5 Fakta Menarik Manusia Hobbit yang Ditemukan di Indonesia
loading...
A
A
A
JAKARTA - Homo floresiensis alias manusia Hobbit benar-benar nyata. Sisa-sisa tulang belulangnya ditemukan di Flores dan beberapa tempat lain di Indonesia. Mereka hidup setidaknya 17.000 tahun lalu dan keberadaannya diyakini masih ada hingga saat ini.
Para ilmuwan menemukan fosil manusia hobbit pertama, bersama alat batu dan sisa-sisa hewan, pada 2003 di gua Liang Bua di Flores. Spesimen pertama ini, wanita dewasa berusia 30 tahun dengan tinggi sekitar 1 meter yang disebut LB1 — terdiri dari tengkorak dan kerangka, serta pelvis parsial.
"Kerangka terkaitnya adalah salah satu hal yang membuat spesimen ini cukup menarik," kata Mark Collard, antropolog biologi di Simon Fraser University di Burnaby, British Columbia. "Kami tidak memiliki banyak kerangka terkait dari hominin selain Neanderthal."
Postur kecil LB1 memberi spesies ini julukan "The hobbit," terinspirasi dari makhluk kecil dalam buku J.R.R. Tolkien yang memiliki nama yang sama.
Selain LB1, para arkeolog juga menemukan sisa-sisa rahang dan kerangka dari setidaknya delapan individu kecil lainnya, menurut artikel tahun 2009 di Journal of Human Evolution. Postur kecil dari spesimen ini menunjukkan LB1 bukanlah sebuah keanehan.
Penanggalan awal dari sisa-sisa hobbit memperkirakan mereka hidup antara 100.000 hingga 60.000 tahun lalu. Namun, tulang dan gigi hobbit yang ditemukan di lokasi terpisah menunjukkan hobbit sudah ada di Flores setidaknya 700.000 tahun lalu.

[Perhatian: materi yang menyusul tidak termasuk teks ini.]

(* In the setting where $A,B$ are strongly regular graphs with the same parameters, $A',B'$ are obtained by individualizing one port vertex each, $G=G(A',B')$ and $H=G(A',A')$: let $x\in V(G)$ lie in the part $C\in\{A,B\}$ of $G$ and $y\in V(H)$ lie in a part $D$ of $H$ (one of the two copies of $A$). Let $C'_x$ denote $C$ with its port vertex individualized and $x$ additionally individualized (with a different color), and similarly $D'_y$. If $\mathrm{WL}_1(C'_x)\ne\mathrm{WL}_1(D'_y)$, then $\mathrm{WL}_1(G_x)\ne\mathrm{WL}_1(H_y)$.
   Context: Graphs are finite, simple and undirected. A strongly regular graph with parameters $(n,d,\lambda,\mu)$ is an $n$-vertex $d$-regular graph in which any two adjacent vertices have $\lambda$ common neighbours and any two distinct non-adjacent vertices have $\mu$ common neighbours. $A'$ ($B'$) is $A$ ($B$) with a single port vertex $a_1$ ($b_1$) colored $1$ and others uncolored. $G(A',B')$ (uncolored) is the vertex-disjoint union of $A$ and $B$ plus a connecting vertex $c_1$ adjacent to $a_1$ and $b_1$ and a pendant vertex adjacent only to $c_1$; $H=G(A',A')$ uses two disjoint copies of $A'$. Color refinement on a vertex-colored $N$-vertex graph $X$: $C^0(x)$ is the color of $x$ (common default for uncolored vertices), $C^{r+1}(x)=\big(C^r(x),\{\!\{C^r(y)\}\!\}_{y\in N(x)}\big)$ ($\{\!\{\cdot\}\!\}$ = multiset), $\mathrm{WL}_1(X)=\{\!\{C^N(x)\}\!\}_{x}$. $G_x$ is $G$ with vertex $x$ given a special new color (the same special color for all choices of $x$). *)

theory Defs
  imports Main "HOL-Library.Multiset"
begin

definition simple_graph :: "'a set \<Rightarrow> ('a \<Rightarrow> 'a \<Rightarrow> bool) \<Rightarrow> bool" where
  "simple_graph V E \<longleftrightarrow> finite V \<and> (\<forall>u v. E u v \<longrightarrow> E v u) \<and> (\<forall>v. \<not> E v v)
     \<and> (\<forall>u v. E u v \<longrightarrow> u \<in> V \<and> v \<in> V)"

Bagaimana H. floresiensis berhubungan dengan pohon keluarga hominin — yang mencakup spesies yang berevolusi setelah garis keturunan manusia (dari genus Homo) berpisah dari simpanse — masih belum jelas. Beberapa argumen terbaru menunjukkan spesimen hobbit mungkin berevolusi dari hominin pra-Homo erectus.
Sebenarnya, para ilmuwan berusaha untuk mempelajari lebih lanjut tentang evolusi hobbit ini, mencari petunjuk, misalnya, tentang leluhur hobbit di pulau-pulau Indonesia lainnya.
Dalam studi tahun 2016 di jurnal Nature, para peneliti mencari petunjuk semacam itu di pulau Sulawesi. Di sana, mereka menemukan alat batu yang diperkirakan berusia 118.000 tahun, menunjukkan beberapa spesies hominin hidup di pulau tersebut sebelum manusia modern muncul sekitar 50.000 tahun lalu.
Peneliti studi tersebut, Gerrit van den Bergh, paleontolog dan zooarkeolog di University of Wollongong di New South Wales, Australia, tidak yakin siapa pembuat alat ini, meskipun ada tiga kandidat yang mungkin: hobbits, H. erectus, dan Denisovans, kerabat dekat Neanderthal.
Terlepas dari perdebatan mereka masih ada atau sudah punah, berikut deretan fakta menarik manusia hobbit dilansir dari Live Science, Senin (12/8/2024).
Berdasarkan LB1, para ahli memperkirakan H. floresiensis memiliki berat antara 16 dan 36 kg. Tulang dan gigi yang baru ditemukan di lokasi terpisah di pulau Flores menunjukkan makhluk-makhluk ini mungkin rata-rata lebih pendek, 0,9 meter tingginya.
Spesimen hobbit menunjukkan serangkaian ciri-ciri primitif yang dipertahankan dari spesies leluhur dan ciri-ciri yang telah berevolusi dan tidak dibagi oleh leluhur. Beberapa fitur mirip dengan spesies Homo awal, termasuk dahi datar dan miring serta wajah yang pendek dan datar; namun, gigi dan rahangnya lebih mirip dengan Australopithecus.
Selain itu, dalam studi tahun 2007 di jurnal Science, para peneliti menganalisis secara mendalam tiga tulang pergelangan tangan LB1 dan menemukan tulang-tulang tersebut lebih mirip dengan tulang apes daripada manusia modern.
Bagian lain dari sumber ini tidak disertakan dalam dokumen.